lemma hole_cyclic_order:
  assumes H: "hole V E C" and v: "v \<in> C" and c: "c \<in> C" "adj v c"
  obtains xs where "set xs = C" "distinct xs" "xs!0 = v" "xs!1 = c" "4 \<le> length xs"
    "\<And>i j. i < length xs \<Longrightarrow> j < length xs \<Longrightarrow> adj (xs!i) (xs!j) \<longleftrightarrow>
       j = (if i = 0 then length xs - 1 else i - 1) \<or> j = (if i = length xs - 1 then 0 else Suc i)"
proof -
  have "set [v, c] \<subseteq> C" "distinct [v, c]" "successively adj [v, c]" using v c by auto
  then obtain zs where xs: "set ([v, c] @ zs) \<subseteq> C" "distinct ([v, c] @ zs)"
      "successively adj ([v, c] @ zs)"
      and maximal: "\<forall>y\<in>C. adj (last ([v, c] @ zs)) y \<longrightarrow> y \<in> set ([v, c] @ zs)"
    using maximal_path_extension[OF hole_finite[OF H]] by blast
  define xs where "xs = [v, c] @ zs"
  note xs = xs[folded xs_def] and maximal = maximal[folded xs_def]
  have closed: "3 \<le> length xs" "adj (last xs) (hd xs)"
    using hole_maximal_path_closes[OF H xs _ maximal] unfolding xs_def by auto
  let ?n = "length xs"
  have cover: "set xs = C" using hole_cycle_covers[OF H xs(1-3) closed] .
  then have "4 \<le> ?n" using hole_card[OF H] distinct_card[OF xs(2)] by simp
  moreover have "adj (xs!i) (xs!j) \<longleftrightarrow>
      j = (if i = 0 then ?n - 1 else i - 1) \<or> j = (if i = ?n - 1 then 0 else Suc i)"
    if ij: "i < ?n" "j < ?n" for i j
  proof -
    let ?pred = "if i = 0 then ?n - 1 else i - 1" and ?succ = "if i = ?n - 1 then 0 else Suc i"
    have idx: "?pred < ?n" "?succ < ?n" using ij by auto
    have "adj (xs!i) (xs!j) \<longleftrightarrow> xs!j \<in> {u\<in>C. adj u (xs!i)}"
      using ij xs(1) adj_sym by auto
    also have "\<dots> \<longleftrightarrow> xs!j = xs!?pred \<or> xs!j = xs!?succ"
      unfolding hole_cycle_neighbours[OF H xs(1-3) closed ij(1)] by blast
    also have "\<dots> \<longleftrightarrow> j = ?pred \<or> j = ?succ"
      using ij idx nth_eq_iff_index_eq[OF xs(2)] by blast
    finally show ?thesis .
  qed
  ultimately show ?thesis using that[OF cover xs(2)] unfolding xs_def by simp
qed

lemma hole_minus_vertex_path_from:
  assumes H: "hole V E C" and v: "v \<in> C" and c: "c \<in> C" "adj v c"
  obtains p where "induced_path p" "set p = C - {v}" "3 \<le> length p" "p!0 = c"
    "\<forall>k<length p. adj v (p!k) \<longleftrightarrow> k = 0 \<or> k = length p - 1"
proof -
  obtain xs where xs: "set xs = C" "distinct xs" "xs!0 = v" "xs!1 = c" "4 \<le> length xs"
    and adj_iff: "\<And>i j. i < length xs \<Longrightarrow> j < length xs \<Longrightarrow> adj (xs!i) (xs!j) \<longleftrightarrow>
       j = (if i = 0 then length xs - 1 else i - 1) \<or> j = (if i = length xs - 1 then 0 else Suc i)"
    using hole_cyclic_order[OF assms] by blast
  have "xs \<noteq> []" "xs = v # tl xs" using xs(3,5) by (cases xs; auto)+
  show ?thesis
  proof
    show "induced_path (tl xs)"
      unfolding induced_path_def using xs(2) adj_iff by (auto simp: distinct_tl nth_tl)
    show "\<forall>k<length (tl xs). adj v (tl xs!k) \<longleftrightarrow> k = 0 \<or> k = length (tl xs) - 1"
    proof (intro allI impI)
      fix k assume "k < length (tl xs)"
      then show "adj v (tl xs!k) \<longleftrightarrow> k = 0 \<or> k = length (tl xs) - 1"
        using adj_iff[of 0 "Suc k"] xs(3,5) \<open>xs \<noteq> []\<close> by (auto simp: nth_tl)
    qed
    show "set (tl xs) = C - {v}"
      using xs(1,2) \<open>xs = v # tl xs\<close> by (metis Diff_insert_absorb distinct.simps(2) list.simps(15))
  qed (use xs in \<open>auto simp: nth_tl\<close>)
qed

lemma hole_minus_edge_path:
  assumes H: "hole V E C" and "v \<in> C" "c \<in> C" "adj v c"
  obtains A where "induced_path A" "set A = C - {v, c}" "2 \<le> length A"
    "\<forall>k<length A. adj v (A!k) \<longleftrightarrow> k = length A - 1" "\<forall>k<length A. adj c (A!k) \<longleftrightarrow> k = 0"
proof -
  obtain p where p: "induced_path p" "set p = C - {v}" "3 \<le> length p" "p!0 = c"
      and ends: "\<forall>k<length p. adj v (p!k) \<longleftrightarrow> k = 0 \<or> k = length p - 1"
    using hole_minus_vertex_path_from[OF assms] .
  note len = p(3)
  then have "p \<noteq> []" by auto
  have "distinct p" using p(1) unfolding induced_path_def by blast
  then have "set (tl p) = set p - {c}" using len p(4) by (cases p) auto
  show ?thesis
  proof
    show "induced_path (tl p)" using induced_path_tl[OF p(1)] .
    show "set (tl p) = C - {v, c}" using \<open>set (tl p) = set p - {c}\<close> p(2) by auto
    show "\<forall>k<length (tl p). adj v (tl p!k) \<longleftrightarrow> k = length (tl p) - 1"
      using ends len by (auto simp: nth_tl)
    show "\<forall>k<length (tl p). adj c (tl p!k) \<longleftrightarrow> k = 0"
      using induced_path_adj[OF p(1), of 0] \<open>p \<noteq> []\<close> p(4) len by (auto simp: nth_tl)
  qed (use len in simp)
qed

lemma hole_minus_vertex_path:
  assumes "hole V E C" "v \<in> C"
  obtains p where "induced_path p" "set p = C - {v}" "3 \<le> length p"
    "\<forall>k<length p. adj v (p!k) \<longleftrightarrow> k = 0 \<or> k = length p - 1"
proof -
  obtain c where "c \<in> C" "adj v c" using hole_has_neighbour[OF assms] .
  then show ?thesis using hole_minus_vertex_path_from[OF assms] that by metis
qed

━━━━━━━━

**Task statement:**
Print, without alteration, only the lines above between the one holding "unfolding induced_path_def using" and the one holding "using induced_path_adj[OF p(1), of", inclusive.

**Response box:**
      unfolding induced_path_def using xs(2) adj_iff by (auto simp: distinct_tl nth_tl)
    show "\<forall>k<length (tl xs). adj v (tl xs!k) \<longleftrightarrow> k = 0 \<or> k = length (tl xs) - 1"
    proof (intro allI impI)
      fix k assume "k < length (tl xs)"
      then show "adj v (tl xs!k) \<longleftrightarrow> k = 0 \<or> k = length (tl xs) - 1"
        using adj_iff[of 0 "Suc k"] xs(3,5) \<open>xs \<noteq> []\<close> by (auto simp: nth_tl)
    qed
    show "set (tl xs) = C - {v}"
      using xs(1,2) \<open>xs = v # tl xs\<close> by (metis Diff_insert_absorb distinct.simps(2) list.simps(15))
  qed (use xs in \<open>auto simp: nth_tl\<close>)
qed

lemma hole_minus_edge_path:
  assumes H: "hole V E C" and "v \<in> C" "c \<in> C" "adj v c"
  obtains A where "induced_path A" "set A = C - {v, c}" "2 \<le> length A"
    "\<forall>k<length A. adj v (A!k) \<longleftrightarrow> k = length A - 1" "\<forall>k<length A. adj c (A!k) \<longleftrightarrow> k = 0"
proof -
  obtain p where p: "induced_path p" "set p = C - {v}" "3 \<le> length p" "p!0 = c"
      and ends: "\<forall>k<length p. adj v (p!k) \<longleftrightarrow> k = 0 \<or> k = length p - 1"
    using hole_minus_vertex_path_from[OF assms] .
  note len = p(3)
  then have "p \<noteq> []" by auto
  have "distinct p" using p(1) unfolding induced_path_def by blast
  then have "set (tl p) = set p - {c}" using len p(4) by (cases p) auto
  show ?thesis
  proof
    show "induced_path (tl p)" using induced_path_tl[OF p(1)] .
    show "set (tl p) = C - {v, c}" using \<open>set (tl p) = set p - {c}\<close> p(2) by auto
    show "\<forall>k<length (tl p). adj v (tl p!k) \<longleftrightarrow> k = length (tl p) - 1"
      using ends len by (auto simp: nth_tl)
    show "\<forall>k<length (tl p). adj c (tl p!k) \<longleftrightarrow> k = 0"
      using induced_path_adj[OF p(1), of 0] \<open>p \<noteq> []\<close> p(4) len by (auto simp: nth_tl)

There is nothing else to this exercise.